▸ TASK PROMPT
I need each line of the entries below that includes the string "CollectI".

▸ SOURCE MATERIAL
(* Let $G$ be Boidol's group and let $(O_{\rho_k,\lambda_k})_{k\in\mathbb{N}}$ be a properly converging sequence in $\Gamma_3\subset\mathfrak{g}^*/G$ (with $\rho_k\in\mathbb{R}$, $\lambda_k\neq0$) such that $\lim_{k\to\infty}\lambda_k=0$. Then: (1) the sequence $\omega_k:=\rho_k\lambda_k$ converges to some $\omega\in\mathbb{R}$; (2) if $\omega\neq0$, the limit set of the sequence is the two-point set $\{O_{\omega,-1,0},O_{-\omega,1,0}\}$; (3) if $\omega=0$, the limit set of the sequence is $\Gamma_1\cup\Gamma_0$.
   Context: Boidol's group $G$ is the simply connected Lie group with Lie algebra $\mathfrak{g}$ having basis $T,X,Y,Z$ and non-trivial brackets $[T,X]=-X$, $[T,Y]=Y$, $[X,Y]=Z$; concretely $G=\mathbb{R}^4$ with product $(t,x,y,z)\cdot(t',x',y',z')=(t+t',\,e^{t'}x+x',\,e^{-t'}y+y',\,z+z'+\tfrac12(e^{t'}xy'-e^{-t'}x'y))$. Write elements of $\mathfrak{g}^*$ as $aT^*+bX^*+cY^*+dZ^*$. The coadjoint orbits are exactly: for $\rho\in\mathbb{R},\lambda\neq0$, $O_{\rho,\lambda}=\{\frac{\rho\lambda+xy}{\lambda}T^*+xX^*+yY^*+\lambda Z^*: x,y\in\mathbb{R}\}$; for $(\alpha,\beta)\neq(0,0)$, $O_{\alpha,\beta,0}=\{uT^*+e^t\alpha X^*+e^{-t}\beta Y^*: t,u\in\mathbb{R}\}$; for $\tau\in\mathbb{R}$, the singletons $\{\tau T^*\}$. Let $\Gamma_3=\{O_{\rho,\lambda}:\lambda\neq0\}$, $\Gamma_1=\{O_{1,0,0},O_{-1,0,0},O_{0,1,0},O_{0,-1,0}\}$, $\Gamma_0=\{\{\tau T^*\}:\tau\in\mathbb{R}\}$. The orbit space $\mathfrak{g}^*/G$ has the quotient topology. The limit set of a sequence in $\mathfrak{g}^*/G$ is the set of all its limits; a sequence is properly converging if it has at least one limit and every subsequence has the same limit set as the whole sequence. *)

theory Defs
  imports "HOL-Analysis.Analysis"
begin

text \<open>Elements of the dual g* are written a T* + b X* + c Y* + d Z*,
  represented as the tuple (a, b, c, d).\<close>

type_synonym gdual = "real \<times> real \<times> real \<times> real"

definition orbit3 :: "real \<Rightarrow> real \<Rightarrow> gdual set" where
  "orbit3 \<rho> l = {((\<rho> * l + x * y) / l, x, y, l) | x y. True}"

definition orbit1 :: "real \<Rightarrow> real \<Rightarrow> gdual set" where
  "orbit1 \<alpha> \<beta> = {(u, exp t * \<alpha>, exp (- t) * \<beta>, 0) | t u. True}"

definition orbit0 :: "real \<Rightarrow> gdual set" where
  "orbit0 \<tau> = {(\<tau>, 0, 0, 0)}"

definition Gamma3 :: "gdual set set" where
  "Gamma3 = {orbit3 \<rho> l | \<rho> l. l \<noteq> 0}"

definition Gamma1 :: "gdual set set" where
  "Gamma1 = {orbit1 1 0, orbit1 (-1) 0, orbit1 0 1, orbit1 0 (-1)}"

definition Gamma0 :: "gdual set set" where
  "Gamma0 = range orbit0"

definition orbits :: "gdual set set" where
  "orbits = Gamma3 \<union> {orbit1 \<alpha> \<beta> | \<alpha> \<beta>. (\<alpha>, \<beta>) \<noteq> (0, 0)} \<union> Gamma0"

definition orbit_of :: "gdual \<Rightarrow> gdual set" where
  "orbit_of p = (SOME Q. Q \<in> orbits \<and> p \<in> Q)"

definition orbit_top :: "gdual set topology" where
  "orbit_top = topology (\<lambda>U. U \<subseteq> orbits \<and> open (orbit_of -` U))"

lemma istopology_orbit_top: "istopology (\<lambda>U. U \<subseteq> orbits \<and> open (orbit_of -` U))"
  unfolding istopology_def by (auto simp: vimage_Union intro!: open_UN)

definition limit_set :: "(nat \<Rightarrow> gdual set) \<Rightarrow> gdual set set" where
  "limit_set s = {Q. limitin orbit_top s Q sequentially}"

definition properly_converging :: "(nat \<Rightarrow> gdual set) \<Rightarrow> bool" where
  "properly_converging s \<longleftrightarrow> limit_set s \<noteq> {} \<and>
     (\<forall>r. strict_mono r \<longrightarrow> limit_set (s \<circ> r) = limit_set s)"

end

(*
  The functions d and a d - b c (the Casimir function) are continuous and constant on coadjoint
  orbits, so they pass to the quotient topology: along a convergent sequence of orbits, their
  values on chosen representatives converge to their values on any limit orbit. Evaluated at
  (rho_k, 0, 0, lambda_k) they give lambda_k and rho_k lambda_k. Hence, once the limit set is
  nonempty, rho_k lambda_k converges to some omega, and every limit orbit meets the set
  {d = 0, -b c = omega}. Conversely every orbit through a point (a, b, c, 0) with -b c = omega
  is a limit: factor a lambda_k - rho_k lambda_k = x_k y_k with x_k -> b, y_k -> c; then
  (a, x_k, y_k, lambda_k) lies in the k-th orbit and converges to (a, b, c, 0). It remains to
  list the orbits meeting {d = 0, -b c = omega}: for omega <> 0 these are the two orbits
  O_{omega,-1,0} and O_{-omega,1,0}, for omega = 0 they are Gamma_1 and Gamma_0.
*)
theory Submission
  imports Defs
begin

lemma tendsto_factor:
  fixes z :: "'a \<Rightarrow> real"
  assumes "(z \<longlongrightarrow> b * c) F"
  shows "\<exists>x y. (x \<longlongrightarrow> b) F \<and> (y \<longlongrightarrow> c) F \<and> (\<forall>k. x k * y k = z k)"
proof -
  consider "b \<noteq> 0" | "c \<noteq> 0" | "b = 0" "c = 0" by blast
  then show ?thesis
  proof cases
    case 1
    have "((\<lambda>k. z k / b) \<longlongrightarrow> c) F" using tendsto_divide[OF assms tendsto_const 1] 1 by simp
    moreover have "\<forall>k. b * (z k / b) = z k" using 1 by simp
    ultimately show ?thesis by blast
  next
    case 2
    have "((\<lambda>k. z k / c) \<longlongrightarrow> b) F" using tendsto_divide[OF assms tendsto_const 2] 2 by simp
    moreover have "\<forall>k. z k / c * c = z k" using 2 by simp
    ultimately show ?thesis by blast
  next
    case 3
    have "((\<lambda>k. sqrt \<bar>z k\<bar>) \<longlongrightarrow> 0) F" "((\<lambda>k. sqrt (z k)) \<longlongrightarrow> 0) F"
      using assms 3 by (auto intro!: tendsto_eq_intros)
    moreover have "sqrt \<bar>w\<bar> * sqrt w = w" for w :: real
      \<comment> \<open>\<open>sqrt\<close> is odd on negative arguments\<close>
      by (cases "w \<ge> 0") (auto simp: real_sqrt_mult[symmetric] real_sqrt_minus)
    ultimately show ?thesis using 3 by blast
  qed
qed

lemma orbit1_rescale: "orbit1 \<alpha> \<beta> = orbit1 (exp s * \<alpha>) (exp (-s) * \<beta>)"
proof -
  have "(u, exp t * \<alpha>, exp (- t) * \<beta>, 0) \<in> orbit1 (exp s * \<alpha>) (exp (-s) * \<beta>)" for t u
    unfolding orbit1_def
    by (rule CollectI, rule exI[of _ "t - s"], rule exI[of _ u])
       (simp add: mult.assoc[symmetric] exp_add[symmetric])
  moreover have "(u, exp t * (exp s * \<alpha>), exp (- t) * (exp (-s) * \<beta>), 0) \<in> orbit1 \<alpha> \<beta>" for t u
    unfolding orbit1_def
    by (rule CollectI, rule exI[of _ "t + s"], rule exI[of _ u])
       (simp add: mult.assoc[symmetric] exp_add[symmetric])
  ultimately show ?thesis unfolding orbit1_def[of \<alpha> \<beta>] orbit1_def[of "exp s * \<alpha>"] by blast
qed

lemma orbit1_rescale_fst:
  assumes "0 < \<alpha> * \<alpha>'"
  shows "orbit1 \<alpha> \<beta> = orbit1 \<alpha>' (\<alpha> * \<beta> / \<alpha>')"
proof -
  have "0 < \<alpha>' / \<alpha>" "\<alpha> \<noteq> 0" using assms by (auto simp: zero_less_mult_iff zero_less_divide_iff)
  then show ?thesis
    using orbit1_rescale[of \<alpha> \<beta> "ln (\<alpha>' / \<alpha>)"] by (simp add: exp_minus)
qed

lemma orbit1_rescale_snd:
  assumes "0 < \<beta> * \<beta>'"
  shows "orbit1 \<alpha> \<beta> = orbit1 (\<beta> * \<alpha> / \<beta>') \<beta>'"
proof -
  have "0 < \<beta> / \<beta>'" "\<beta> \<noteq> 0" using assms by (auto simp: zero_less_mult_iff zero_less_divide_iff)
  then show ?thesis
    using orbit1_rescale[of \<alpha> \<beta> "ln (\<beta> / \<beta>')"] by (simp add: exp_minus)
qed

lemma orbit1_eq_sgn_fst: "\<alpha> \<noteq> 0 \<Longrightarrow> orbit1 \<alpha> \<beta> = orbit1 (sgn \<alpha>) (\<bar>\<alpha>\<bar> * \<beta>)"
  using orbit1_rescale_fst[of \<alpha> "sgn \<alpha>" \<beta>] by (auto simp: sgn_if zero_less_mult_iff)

==

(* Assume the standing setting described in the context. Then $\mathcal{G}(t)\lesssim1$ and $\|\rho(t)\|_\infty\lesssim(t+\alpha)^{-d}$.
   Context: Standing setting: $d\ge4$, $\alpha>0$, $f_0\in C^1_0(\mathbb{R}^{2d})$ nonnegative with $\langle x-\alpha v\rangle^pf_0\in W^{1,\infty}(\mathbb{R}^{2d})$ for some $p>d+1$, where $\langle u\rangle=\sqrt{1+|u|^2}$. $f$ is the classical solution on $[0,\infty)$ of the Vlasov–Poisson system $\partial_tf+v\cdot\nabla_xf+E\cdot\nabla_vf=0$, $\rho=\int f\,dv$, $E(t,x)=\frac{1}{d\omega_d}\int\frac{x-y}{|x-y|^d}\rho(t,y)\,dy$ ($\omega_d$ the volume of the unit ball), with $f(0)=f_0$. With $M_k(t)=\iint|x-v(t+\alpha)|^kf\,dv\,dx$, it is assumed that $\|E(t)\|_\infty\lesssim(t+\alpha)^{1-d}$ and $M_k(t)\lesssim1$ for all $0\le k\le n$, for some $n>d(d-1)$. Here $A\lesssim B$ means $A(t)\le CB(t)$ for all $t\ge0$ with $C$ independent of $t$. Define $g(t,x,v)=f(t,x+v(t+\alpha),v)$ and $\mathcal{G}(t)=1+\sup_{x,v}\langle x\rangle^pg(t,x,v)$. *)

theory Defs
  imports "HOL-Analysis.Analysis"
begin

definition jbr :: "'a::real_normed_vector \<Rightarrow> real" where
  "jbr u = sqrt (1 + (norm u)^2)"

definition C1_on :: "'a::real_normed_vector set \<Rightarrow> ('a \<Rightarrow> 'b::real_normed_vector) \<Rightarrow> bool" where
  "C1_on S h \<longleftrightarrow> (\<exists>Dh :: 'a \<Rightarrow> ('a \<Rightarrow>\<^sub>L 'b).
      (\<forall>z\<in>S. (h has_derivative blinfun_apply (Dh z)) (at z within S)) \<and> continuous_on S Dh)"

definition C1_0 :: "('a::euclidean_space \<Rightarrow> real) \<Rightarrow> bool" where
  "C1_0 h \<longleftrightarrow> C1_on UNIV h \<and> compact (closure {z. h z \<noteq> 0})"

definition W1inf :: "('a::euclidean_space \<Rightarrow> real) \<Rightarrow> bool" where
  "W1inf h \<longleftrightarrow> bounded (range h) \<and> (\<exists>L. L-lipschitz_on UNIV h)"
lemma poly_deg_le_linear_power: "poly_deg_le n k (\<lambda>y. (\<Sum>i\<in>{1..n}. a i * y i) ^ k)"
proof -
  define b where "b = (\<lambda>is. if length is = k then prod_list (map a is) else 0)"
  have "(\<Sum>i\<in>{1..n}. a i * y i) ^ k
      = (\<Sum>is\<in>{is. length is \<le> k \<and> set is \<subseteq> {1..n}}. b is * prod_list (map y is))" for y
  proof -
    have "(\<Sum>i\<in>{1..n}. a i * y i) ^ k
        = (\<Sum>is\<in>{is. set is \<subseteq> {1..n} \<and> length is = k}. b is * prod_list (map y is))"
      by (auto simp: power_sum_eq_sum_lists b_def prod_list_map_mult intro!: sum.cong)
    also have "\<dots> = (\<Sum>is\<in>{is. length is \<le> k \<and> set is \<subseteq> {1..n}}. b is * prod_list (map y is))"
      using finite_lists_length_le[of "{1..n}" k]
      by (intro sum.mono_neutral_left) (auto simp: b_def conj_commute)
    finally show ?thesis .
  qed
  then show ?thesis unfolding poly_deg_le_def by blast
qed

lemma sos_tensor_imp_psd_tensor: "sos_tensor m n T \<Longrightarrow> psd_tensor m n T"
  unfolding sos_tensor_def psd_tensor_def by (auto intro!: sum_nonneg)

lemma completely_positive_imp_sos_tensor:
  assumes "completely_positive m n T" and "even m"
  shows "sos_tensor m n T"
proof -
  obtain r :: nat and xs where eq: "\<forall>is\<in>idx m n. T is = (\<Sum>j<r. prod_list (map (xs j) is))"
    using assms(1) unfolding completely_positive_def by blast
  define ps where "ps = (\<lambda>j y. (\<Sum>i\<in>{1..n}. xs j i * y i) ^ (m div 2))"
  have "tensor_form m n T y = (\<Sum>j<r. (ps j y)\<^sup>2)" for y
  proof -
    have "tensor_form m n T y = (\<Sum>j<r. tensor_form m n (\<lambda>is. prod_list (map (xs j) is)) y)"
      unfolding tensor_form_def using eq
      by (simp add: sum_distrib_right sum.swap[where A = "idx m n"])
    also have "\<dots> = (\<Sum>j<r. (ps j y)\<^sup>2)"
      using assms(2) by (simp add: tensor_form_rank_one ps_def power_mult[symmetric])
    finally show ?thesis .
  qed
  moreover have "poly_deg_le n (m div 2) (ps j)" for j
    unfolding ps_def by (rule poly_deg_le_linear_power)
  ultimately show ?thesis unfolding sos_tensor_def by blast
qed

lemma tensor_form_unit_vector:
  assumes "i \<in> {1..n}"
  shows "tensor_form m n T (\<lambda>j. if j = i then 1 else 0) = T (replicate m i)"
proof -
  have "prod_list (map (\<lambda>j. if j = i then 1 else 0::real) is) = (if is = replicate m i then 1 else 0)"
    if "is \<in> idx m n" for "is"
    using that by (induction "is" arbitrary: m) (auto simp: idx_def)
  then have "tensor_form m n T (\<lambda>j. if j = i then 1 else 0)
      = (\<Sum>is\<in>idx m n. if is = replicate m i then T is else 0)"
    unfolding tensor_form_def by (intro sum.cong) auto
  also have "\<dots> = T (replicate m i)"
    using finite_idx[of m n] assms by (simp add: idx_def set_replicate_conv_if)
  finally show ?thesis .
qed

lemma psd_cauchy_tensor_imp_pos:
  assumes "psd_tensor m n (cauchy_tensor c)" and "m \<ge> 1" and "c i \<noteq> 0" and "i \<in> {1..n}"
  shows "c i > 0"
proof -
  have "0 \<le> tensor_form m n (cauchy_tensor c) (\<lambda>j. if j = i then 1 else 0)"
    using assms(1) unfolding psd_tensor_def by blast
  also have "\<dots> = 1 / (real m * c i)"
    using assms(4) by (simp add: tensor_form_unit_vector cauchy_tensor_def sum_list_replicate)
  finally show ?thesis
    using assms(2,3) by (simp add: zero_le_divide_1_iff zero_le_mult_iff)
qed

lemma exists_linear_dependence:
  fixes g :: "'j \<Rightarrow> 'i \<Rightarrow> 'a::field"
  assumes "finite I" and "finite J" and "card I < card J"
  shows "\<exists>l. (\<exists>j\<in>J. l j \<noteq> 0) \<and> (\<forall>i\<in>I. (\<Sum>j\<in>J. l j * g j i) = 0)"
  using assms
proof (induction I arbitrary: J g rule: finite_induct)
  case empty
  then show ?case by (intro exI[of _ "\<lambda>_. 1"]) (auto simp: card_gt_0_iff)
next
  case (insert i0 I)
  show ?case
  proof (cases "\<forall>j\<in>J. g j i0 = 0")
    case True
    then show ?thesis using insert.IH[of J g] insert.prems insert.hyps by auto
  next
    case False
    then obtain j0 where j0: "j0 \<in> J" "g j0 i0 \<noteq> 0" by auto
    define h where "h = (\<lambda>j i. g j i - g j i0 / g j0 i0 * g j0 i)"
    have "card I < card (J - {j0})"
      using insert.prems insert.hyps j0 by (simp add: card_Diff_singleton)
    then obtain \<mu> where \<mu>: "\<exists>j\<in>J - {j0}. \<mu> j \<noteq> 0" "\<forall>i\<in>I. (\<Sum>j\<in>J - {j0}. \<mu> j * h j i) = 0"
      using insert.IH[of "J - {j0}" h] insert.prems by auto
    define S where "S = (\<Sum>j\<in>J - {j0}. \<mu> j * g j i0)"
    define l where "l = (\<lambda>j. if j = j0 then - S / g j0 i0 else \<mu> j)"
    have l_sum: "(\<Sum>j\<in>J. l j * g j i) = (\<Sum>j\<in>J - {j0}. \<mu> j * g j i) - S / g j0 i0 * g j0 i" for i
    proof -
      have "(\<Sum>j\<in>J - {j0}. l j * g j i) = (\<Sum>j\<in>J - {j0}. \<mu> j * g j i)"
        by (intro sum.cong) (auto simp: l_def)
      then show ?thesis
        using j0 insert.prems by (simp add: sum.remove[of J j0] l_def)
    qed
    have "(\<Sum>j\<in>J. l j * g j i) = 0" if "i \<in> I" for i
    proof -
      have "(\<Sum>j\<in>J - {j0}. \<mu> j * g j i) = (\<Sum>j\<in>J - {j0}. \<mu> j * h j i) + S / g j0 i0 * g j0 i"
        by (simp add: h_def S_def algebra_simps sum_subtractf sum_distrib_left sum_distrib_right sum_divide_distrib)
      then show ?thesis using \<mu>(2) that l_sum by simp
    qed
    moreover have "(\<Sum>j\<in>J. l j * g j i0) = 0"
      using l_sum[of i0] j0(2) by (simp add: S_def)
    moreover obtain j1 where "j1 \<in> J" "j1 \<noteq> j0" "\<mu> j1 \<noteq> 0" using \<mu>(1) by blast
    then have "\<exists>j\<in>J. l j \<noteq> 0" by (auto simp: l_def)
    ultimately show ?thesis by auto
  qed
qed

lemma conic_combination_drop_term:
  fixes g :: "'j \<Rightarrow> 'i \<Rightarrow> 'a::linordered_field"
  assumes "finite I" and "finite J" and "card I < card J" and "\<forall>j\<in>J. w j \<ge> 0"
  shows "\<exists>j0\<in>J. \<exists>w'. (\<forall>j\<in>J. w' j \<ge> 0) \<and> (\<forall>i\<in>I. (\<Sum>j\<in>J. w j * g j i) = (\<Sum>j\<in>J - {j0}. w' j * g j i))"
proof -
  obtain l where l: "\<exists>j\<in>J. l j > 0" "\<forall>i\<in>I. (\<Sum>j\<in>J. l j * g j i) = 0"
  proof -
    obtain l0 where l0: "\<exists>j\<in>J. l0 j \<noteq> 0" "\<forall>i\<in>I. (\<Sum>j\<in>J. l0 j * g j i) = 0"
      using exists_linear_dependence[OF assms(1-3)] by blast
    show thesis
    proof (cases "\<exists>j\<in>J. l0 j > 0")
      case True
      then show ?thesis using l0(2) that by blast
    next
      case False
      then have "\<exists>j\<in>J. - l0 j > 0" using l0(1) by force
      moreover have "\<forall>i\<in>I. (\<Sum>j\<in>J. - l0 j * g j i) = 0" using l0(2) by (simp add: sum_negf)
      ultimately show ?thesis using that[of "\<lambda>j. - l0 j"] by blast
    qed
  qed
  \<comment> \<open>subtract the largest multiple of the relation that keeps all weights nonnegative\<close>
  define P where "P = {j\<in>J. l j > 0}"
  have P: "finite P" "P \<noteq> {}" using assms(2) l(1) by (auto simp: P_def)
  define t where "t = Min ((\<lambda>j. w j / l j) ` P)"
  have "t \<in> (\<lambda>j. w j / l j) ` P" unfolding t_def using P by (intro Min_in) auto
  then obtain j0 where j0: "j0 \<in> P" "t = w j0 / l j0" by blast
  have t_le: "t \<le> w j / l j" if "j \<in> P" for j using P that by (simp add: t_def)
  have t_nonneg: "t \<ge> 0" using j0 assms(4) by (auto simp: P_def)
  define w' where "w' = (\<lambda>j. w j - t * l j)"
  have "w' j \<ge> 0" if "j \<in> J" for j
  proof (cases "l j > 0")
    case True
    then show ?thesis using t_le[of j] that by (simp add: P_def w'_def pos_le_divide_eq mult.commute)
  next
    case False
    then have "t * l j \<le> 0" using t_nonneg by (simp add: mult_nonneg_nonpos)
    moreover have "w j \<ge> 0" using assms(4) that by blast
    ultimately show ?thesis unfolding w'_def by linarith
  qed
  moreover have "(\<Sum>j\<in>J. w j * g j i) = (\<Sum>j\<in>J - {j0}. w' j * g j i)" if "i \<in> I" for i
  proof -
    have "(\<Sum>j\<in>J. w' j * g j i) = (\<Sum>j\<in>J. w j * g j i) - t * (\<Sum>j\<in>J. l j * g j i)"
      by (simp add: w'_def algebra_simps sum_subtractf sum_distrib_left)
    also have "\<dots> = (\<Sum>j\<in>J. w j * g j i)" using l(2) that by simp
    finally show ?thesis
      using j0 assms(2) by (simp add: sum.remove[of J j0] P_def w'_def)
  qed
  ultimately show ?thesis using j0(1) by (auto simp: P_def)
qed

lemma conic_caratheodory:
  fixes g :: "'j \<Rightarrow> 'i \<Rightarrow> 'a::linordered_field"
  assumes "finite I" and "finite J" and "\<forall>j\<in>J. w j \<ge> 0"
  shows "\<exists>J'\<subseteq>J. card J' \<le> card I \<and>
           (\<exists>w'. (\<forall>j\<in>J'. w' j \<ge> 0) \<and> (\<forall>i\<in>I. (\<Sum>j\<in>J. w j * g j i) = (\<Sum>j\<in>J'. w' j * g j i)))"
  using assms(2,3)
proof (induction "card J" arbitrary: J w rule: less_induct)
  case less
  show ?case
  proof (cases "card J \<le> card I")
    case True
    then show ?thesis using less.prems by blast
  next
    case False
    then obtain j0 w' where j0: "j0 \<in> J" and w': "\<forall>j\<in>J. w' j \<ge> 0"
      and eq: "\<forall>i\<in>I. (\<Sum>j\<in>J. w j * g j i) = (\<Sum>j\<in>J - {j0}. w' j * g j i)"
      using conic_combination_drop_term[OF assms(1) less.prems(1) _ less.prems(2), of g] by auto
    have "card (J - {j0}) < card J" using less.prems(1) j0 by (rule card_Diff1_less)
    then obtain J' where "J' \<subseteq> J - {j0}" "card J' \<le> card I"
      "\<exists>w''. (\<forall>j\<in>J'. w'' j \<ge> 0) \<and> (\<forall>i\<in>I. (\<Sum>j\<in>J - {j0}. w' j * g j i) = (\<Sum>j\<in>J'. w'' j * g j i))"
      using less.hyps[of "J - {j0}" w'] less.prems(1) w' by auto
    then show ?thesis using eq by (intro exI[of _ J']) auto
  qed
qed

▸ TASK OUTPUT
    by (rule CollectI, rule exI[of _ "t - s"], rule exI[of _ u])
    by (rule CollectI, rule exI[of _ "t + s"], rule exI[of _ u])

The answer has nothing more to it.